Ci stanno rubando la sanità
Lo stop il 12 dicembre. Filippi (Fp Cgil medici) a RadioArticolo1: “Scioperiamo in difesa del Ssn. C’è
una strategia per mortificare il pubblico e favorire il privato. Nella legge di bilancio non c’è nulla, a
rischio il diritto alla salute”
Domani, 12 dicembre, tutte le categorie degli operatori della sanità pubblica e privata convenzionata
incroceranno le braccia per lo sciopero del comparto.
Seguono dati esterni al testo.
lemma Gamma_half_ratio_plus1:
  assumes "x > 0"
  shows "Gamma_half_ratio (x + 1) = (x + 1/2) / x * Gamma_half_ratio x"
proof -
  have "Gamma (x + 1 + 1/2) = (x + 1/2) * Gamma (x + 1/2)"
    using Gamma_real_plus1[of "x + 1/2"] assms by (simp add: algebra_simps)
  then show ?thesis
    using assms by (simp add: Gamma_half_ratio_def Gamma_real_plus1)
qed

lemma Gamma_half_ratio_sq_ge:
  assumes x: "x > 0"
  shows "x\<^sup>2 / (x + 1/2) \<le> (Gamma_half_ratio x)\<^sup>2"
proof -
  have "ln (Gamma (x + 1)) \<le> (ln (Gamma (x + 1/2)) + ln (Gamma (x + 3/2))) / 2"
    using convex_onD[OF log_convex_Gamma_real, of "1/2" "x + 1/2" "x + 3/2"] x
    by (simp add: algebra_simps)
  then have "exp (2 * ln (Gamma (x + 1))) \<le> exp (ln (Gamma (x + 1/2)) + ln (Gamma (x + 3/2)))"
    by simp
  moreover have "exp (2 * ln (Gamma (x + 1))) = (Gamma (x + 1))\<^sup>2"
    using Gamma_real_pos[of "x + 1"] x by (simp add: exp_of_nat_mult[of 2, simplified])
  ultimately have "(Gamma (x + 1))\<^sup>2 \<le> Gamma (x + 1/2) * Gamma (x + 3/2)"
    using x by (simp add: exp_add)
  moreover have "Gamma (x + 3/2) = (x + 1/2) * Gamma (x + 1/2)"
    using Gamma_real_plus1[of "x + 1/2"] x by (simp add: algebra_simps)
  moreover have "Gamma (x + 1) = x * Gamma x"
    using x by (rule Gamma_real_plus1)
  ultimately have "(x * Gamma x)\<^sup>2 \<le> (x + 1/2) * (Gamma (x + 1/2))\<^sup>2"
    by (simp add: power2_eq_square mult_ac)
  then show ?thesis
    using x Gamma_real_pos[OF x, THEN less_imp_neq, symmetric]
    by (simp add: Gamma_half_ratio_def power_divide power_mult_distrib divide_simps mult_ac)
qed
È un momento particolarmente difficile per la sanità
in Italia, un momento che culmina con il primo sciopero generale
unitario dopo moltissimo tempo. “Viviamo una crisi frutto degli
effetti della legge Brunetta, che ha provocato un’emarginazione
progressiva dei ruoli professionali nell’organizzazione del lavoro, e
del blocco contrattuale, che subiamo da ormai 8 anni. Questo
combinato disposto ha provocato una progressiva demotivazione in
tutti gli operatori, che è l’elemento più dannoso per l’intero sistema
sanitario nazionale”. A dirlo, ai microfoni di RadioArticolo1, è il
neosegretario generale della Funzione pubblica medici della Cgil
Andrea Filippi.
“Fondamentalmente, scioperiamo proprio in difesa del Servizio
sanitario nazionale, alla luce del progressivo definanziamento del
Fondo sanitario nazionale che c’è stato in questi ultimi anni –
continua Filippi –. In questa legge di bilancio, invece, il Fondo non
viene toccato. Questo fatto potrebbe essere visto come una buona notizia, dopo tanti anni di tagli, ma in
realtà i tagli vengono messi sul fronte delle spese delle regioni. Inoltre, il previsto aumento di un miliardo
sul Fondo sanitario, in realtà, è stato ridotto a 400 milioni di euro. Le regioni dovranno quindi affrontare
un aumento delle spese per il pay back farmaceutico. È evidente che nella legge di bilancio non c’è
nessuna strategia complessiva per affrontare la crisi della sanità in Italia”.
Inoltre, nel documento di economia e finanza e nella sua variazione, approvati tra la primavera e l’autunno
di quest’anno, si legge che da qui al 2020 si prevede una riduzione della percentuale di Pil destinata al
Servizio sanitario nazionale, che scende sotto la soglia del 6,5%. Secondo l’Oms, sotto questo tetto si
mette a rischio la salute pubblica di un paese. “Ma tutto ciò – afferma ancora il sindacalista – non è
dovuto a inefficienza o alla crisi economica. Noi crediamo che sia il frutto di una strategia programmata
ormai da diverso tempo, che ha come obiettivo la mortificazione della Sanità pubblica. Non è un caso che
si registri un aumento costante della spesa privata, che in Italia è organizzata solo in forme sostitutive.
Ormai il 10% della spesa sanitaria esce direttamente dalle tasche dei cittadini. Questa operazione va di
pari passo con la progressiva delegittimazione dei ruoli, sia economica sia professionale, degli operatori”.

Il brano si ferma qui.